В нос Федора Юрьевича внезапно ударил запах какой-то кислятины: сильнейший, неимоверно удушливый, – глаза заслезились. Князь с силой повел головой в сторону, стремясь избежать запаха, но в этот момент двое, копавшихся в груде мешковины, вдруг, повернувшись к нему, вцепились в четыре руки ему в волосы, потянули к себе. Телохранители Батыя, притащившие сюда Федора Юрьевича, не пожелав его, видно, отдать, перехватили руки князя за самые запястья и сильно потянули его за руки, назад, на себя.
Князь Федор почувствовал, как волосы на его затылке отстают вместе с кожей, грозя быть сорванными с головы в качестве скальпа. Князь согнулся, как в поясном поклоне, и изо всех сил попытался вырвать, освободить свои руки… В ту же секунду он почувствовал резкий, какой-то ярко-обжигающий удар по шее ниже затылка.

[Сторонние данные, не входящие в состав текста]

lemma fraction_vectors_with_component:
  fixes P :: "'a \<Rightarrow> bool"
  assumes "finite R" "R \<noteq> {}"
  shows "real (card {x :: 'a^'n. (\<forall>i. x $ i \<in> R) \<and> (\<exists>i. P (x $ i))}) / real (card R ^ CARD('n))
    = 1 - (1 - real (card {r \<in> R. P r}) / real (card R)) ^ CARD('n)"
proof -
  let ?bad = "card {r \<in> R. P r}" and ?good = "card {r \<in> R. \<not> P r}" and ?n = "CARD('n)"
  have "card R > 0"
    using assms by (simp add: card_gt_0_iff)
  have "?good = card R - ?bad"
    using assms(1) by (subst card_Diff_subset[symmetric]) (auto intro: arg_cong[where f = card])
  then have good_fraction: "real ?good / real (card R) = 1 - real ?bad / real (card R)"
    using \<open>card R > 0\<close> card_mono[OF assms(1), of "{r \<in> R. P r}"]
    by (simp add: of_nat_diff diff_divide_distrib)
  have "?good ^ ?n \<le> card R ^ ?n"
    using assms(1) by (intro power_mono card_mono) auto
  then have "real (card {x :: 'a^'n. (\<forall>i. x $ i \<in> R) \<and> (\<exists>i. P (x $ i))}) / real (card R ^ ?n)
      = (real (card R) ^ ?n - real ?good ^ ?n) / real (card R) ^ ?n"
    by (simp add: card_vectors_with_component[OF assms(1)] of_nat_diff)
  also have "\<dots> = 1 - (real ?good / real (card R)) ^ ?n"
    using \<open>card R > 0\<close> by (simp add: diff_divide_distrib power_divide)
  finally show ?thesis
    unfolding good_fraction .
qed

lemma prod_if_zero_component:
  fixes w :: "complex^'d"
  shows "(\<Prod>j\<in>UNIV. if w $ j = 0 then a else b) = a ^ (CARD('d) - l0 w) * (b :: 'a :: comm_monoid_mult) ^ l0 w"
proof -
  have "{j. w $ j = 0} = UNIV - {j. w $ j \<noteq> 0}"
    by auto
  then have "card {j. w $ j = 0} = CARD('d) - l0 w"
    by (simp add: card_Diff_subset l0_def)
  then show ?thesis
    by (simp add: prod.If_cases Compl_eq l0_def)
qed

lemma l0_pos: "w \<noteq> 0 \<Longrightarrow> l0 w > 0"
  unfolding l0_def by (auto simp: vec_eq_iff card_gt_0_iff)

lemma l0_le_CARD: "l0 (w :: complex^'d) \<le> CARD('d)"
  unfolding l0_def by (rule card_mono) auto

lemma l0_smult: "c \<noteq> 0 \<Longrightarrow> l0 (c *s w) = l0 w"
  by (simp add: l0_def)

section \<open>The QPSK constellation\<close>

definition qpsk_amp :: real where "qpsk_amp = 1 / sqrt 2"

lemma qpsk_amp_pos: "qpsk_amp > 0"
  by (simp add: qpsk_amp_def)

lemma qpsk_amp_sq: "qpsk_amp\<^sup>2 = 1 / 2"
  by (simp add: qpsk_amp_def power_divide)

lemma QPSK_eq: "QPSK = {Complex qpsk_amp qpsk_amp, Complex qpsk_amp (-qpsk_amp),
    Complex (-qpsk_amp) qpsk_amp, Complex (-qpsk_amp) (-qpsk_amp)}"
proof -
  have "(complex_of_real a + \<i> * complex_of_real b) / complex_of_real (sqrt 2)
      = Complex (a * qpsk_amp) (b * qpsk_amp)" for a b
    by (simp add: complex_eq_iff qpsk_amp_def)
  then have "QPSK = {Complex (a * qpsk_amp) (b * qpsk_amp) |a b. a \<in> {-1, 1} \<and> b \<in> {-1, 1}}"
    unfolding QPSK_def by presburger
  also have "\<dots> = {Complex (1 * qpsk_amp) (1 * qpsk_amp), Complex (1 * qpsk_amp) (-1 * qpsk_amp),
      Complex (-1 * qpsk_amp) (1 * qpsk_amp), Complex (-1 * qpsk_amp) (-1 * qpsk_amp)}"
    by blast
  finally show ?thesis
    by simp
qed

lemma QPSK_iff: "q \<in> QPSK \<longleftrightarrow> Re q \<in> {-qpsk_amp, qpsk_amp} \<and> Im q \<in> {-qpsk_amp, qpsk_amp}"
  by (auto simp: QPSK_eq complex_eq_iff)

lemma finite_QPSK: "finite QPSK"
  by (simp add: QPSK_eq)

lemma card_QPSK: "card QPSK = 4"
  using qpsk_amp_pos by (simp add: QPSK_eq complex_eq_iff)

definition gauss_units :: "complex set" where "gauss_units = {1, \<i>, -1, -\<i>}"

lemma card_gauss_units: "card gauss_units = 4"
  by (simp add: gauss_units_def complex_eq_iff)

lemma finite_gauss_units: "finite gauss_units"
  by (simp add: gauss_units_def)

lemma gauss_units_nonzero: "u \<in> gauss_units \<Longrightarrow> u \<noteq> 0"
  by (auto simp: gauss_units_def)

lemma gauss_units_divide: "u \<in> gauss_units \<Longrightarrow> v \<in> gauss_units \<Longrightarrow> v / u \<in> gauss_units"
  by (auto simp: gauss_units_def)

lemma divide_scaled_gauss_units:
  assumes "c \<noteq> 0" "\<delta> \<in> (\<lambda>u. c * u) ` gauss_units" "\<delta>' \<in> (\<lambda>u. c * u) ` gauss_units"
  shows "\<delta>' / \<delta> \<in> gauss_units"
proof -
  obtain u u' where "u \<in> gauss_units" "u' \<in> gauss_units" "\<delta> = c * u" "\<delta>' = c * u'"
    using assms(2,3) by blast
  then show ?thesis
    using assms(1) gauss_units_divide by simp
qed

lemma mult_gauss_unit_QPSK_iff: "u \<in> gauss_units \<Longrightarrow> z * u \<in> QPSK \<longleftrightarrow> z \<in> QPSK"
  by (auto simp: gauss_units_def QPSK_iff)

lemma divide_gauss_unit_QPSK_iff: "u \<in> gauss_units \<Longrightarrow> z / u \<in> QPSK \<longleftrightarrow> z \<in> QPSK"
  by (auto simp: gauss_units_def QPSK_iff)

lemma card_QPSK_rotate:
  assumes "u \<in> gauss_units"
  shows "card {q \<in> QPSK. P (q / u)} = card {z \<in> QPSK. P z}"
proof -
  have "{q \<in> QPSK. P (q / u)} = (\<lambda>z. z * u) ` {z \<in> QPSK. P z}"
  proof (intro equalityI subsetI)
    fix q
    assume "q \<in> {q \<in> QPSK. P (q / u)}"
    then show "q \<in> (\<lambda>z. z * u) ` {z \<in> QPSK. P z}"
      using assms gauss_units_nonzero[OF assms]
      by (intro image_eqI[of _ _ "q / u"]) (auto simp: divide_gauss_unit_QPSK_iff)
  qed (use assms gauss_units_nonzero[OF assms] in \<open>auto simp: mult_gauss_unit_QPSK_iff\<close>)
  moreover have "inj_on (\<lambda>z. z * u) {z \<in> QPSK. P z}"
    using gauss_units_nonzero[OF assms] by (auto intro: inj_onI)
  ultimately show ?thesis
    by (simp add: card_image)
qed

lemma card_QPSK_Re_eq: "x \<in> {-qpsk_amp, qpsk_amp} \<Longrightarrow> card {z \<in> QPSK. Re z = x} = 2"
  and card_QPSK_Im_eq: "x \<in> {-qpsk_amp, qpsk_amp} \<Longrightarrow> card {z \<in> QPSK. Im z = x} = 2"
  and card_QPSK_Re_Im_eq: "x \<in> {-qpsk_amp, qpsk_amp} \<Longrightarrow> y \<in> {-qpsk_amp, qpsk_amp}
     \<Longrightarrow> card {z \<in> QPSK. Re z = x \<and> Im z = y} = 1"
proof -
  assume x: "x \<in> {-qpsk_amp, qpsk_amp}"
  have "{z \<in> QPSK. Re z = x} = {Complex x qpsk_amp, Complex x (-qpsk_amp)}"
    using x by (auto simp: QPSK_iff complex_eq_iff)
  then show "card {z \<in> QPSK. Re z = x} = 2"
    using qpsk_amp_pos by simp
  have "{z \<in> QPSK. Im z = x} = {Complex qpsk_amp x, Complex (-qpsk_amp) x}"
    using x by (auto simp: QPSK_iff complex_eq_iff)
  then show "card {z \<in> QPSK. Im z = x} = 2"
    using qpsk_amp_pos by simp
  assume "y \<in> {-qpsk_amp, qpsk_amp}"
  then have "{z \<in> QPSK. Re z = x \<and> Im z = y} = {Complex x y}"
    using x by (auto simp: QPSK_iff complex_eq_iff)
  then show "card {z \<in> QPSK. Re z = x \<and> Im z = y} = 1"
    by simp
qed

definition QPSK_axis_diffs :: "complex set" where
  "QPSK_axis_diffs = (\<lambda>u. complex_of_real (2 * qpsk_amp) * u) ` gauss_units"

definition QPSK_diag_diffs :: "complex set" where
  "QPSK_diag_diffs = (\<lambda>u. complex_of_real (2 * qpsk_amp) * (1 + \<i>) * u) ` gauss_units"

lemma QPSK_axis_diffs_eq: "QPSK_axis_diffs = {Complex (2 * qpsk_amp) 0, Complex 0 (2 * qpsk_amp),
    Complex (- 2 * qpsk_amp) 0, Complex 0 (- 2 * qpsk_amp)}"
  by (auto simp: QPSK_axis_diffs_def gauss_units_def complex_eq_iff)

lemma QPSK_diag_diffs_eq: "QPSK_diag_diffs = {Complex (2 * qpsk_amp) (2 * qpsk_amp),
    Complex (- 2 * qpsk_amp) (2 * qpsk_amp), Complex (- 2 * qpsk_amp) (- 2 * qpsk_amp),
    Complex (2 * qpsk_amp) (- 2 * qpsk_amp)}"
  by (auto simp: QPSK_diag_diffs_def gauss_units_def complex_eq_iff)

lemma finite_QPSK_axis_diffs: "finite QPSK_axis_diffs"
  and finite_QPSK_diag_diffs: "finite QPSK_diag_diffs"
  by (simp_all add: QPSK_axis_diffs_def QPSK_diag_diffs_def finite_gauss_units)

lemma card_QPSK_axis_diffs: "card QPSK_axis_diffs \<le> 4"
  and card_QPSK_diag_diffs: "card QPSK_diag_diffs \<le> 4"
  unfolding QPSK_axis_diffs_def QPSK_diag_diffs_def
  using card_image_le[OF finite_gauss_units] card_gauss_units by metis+

lemma QPSK_diff_cases:
  assumes "q \<in> QPSK" "q' \<in> QPSK" "q \<noteq> q'"
  shows "q - q' \<in> QPSK_axis_diffs \<union> QPSK_diag_diffs"
proof -
  have "Re (q - q') \<in> {- 2 * qpsk_amp, 0, 2 * qpsk_amp}" "Im (q - q') \<in> {- 2 * qpsk_amp, 0, 2 * qpsk_amp}"
    using assms(1,2) by (auto simp: QPSK_iff)
  moreover have "q - q' \<noteq> 0"
    using assms(3) by simp
  ultimately show ?thesis
    unfolding QPSK_axis_diffs_eq QPSK_diag_diffs_eq by (auto simp: complex_eq_iff)
qed

lemma norm_QPSK_axis_diff: "\<delta> \<in> QPSK_axis_diffs \<Longrightarrow> (norm \<delta>)\<^sup>2 = 2"
  by (auto simp: QPSK_axis_diffs_eq cmod_def power_mult_distrib qpsk_amp_sq)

Мгновенно пришло облегчение – и голове и рукам, одновременно, – отпустили?! Однако свет в глазах тут же померк, залившись чем-то черным, сознание быстро замутнилось, взбурлило и оборвалось… Князь был молод, неопытен и потому даже не успел понять, что ему отрубили голову.
Отпущенное телохранителями тело князя Федора рухнуло в грязь, бешено заливая кровью затоптанные куриные перья. Голова князя упала в только что найденный палачом мешок. Мешок был грязный и рваный, но хорошо подходил по размеру.
* * *
Татарская конница с визгом и криками вынеслась из-за перелеска и стала стремительно приближаться к русскому войску. Войско замерло в ожидании команды.
Радож, старший из воевод, склонив голову и повернувшись к набегающей Орде боком, внимательно прислушивался к стуку копыт.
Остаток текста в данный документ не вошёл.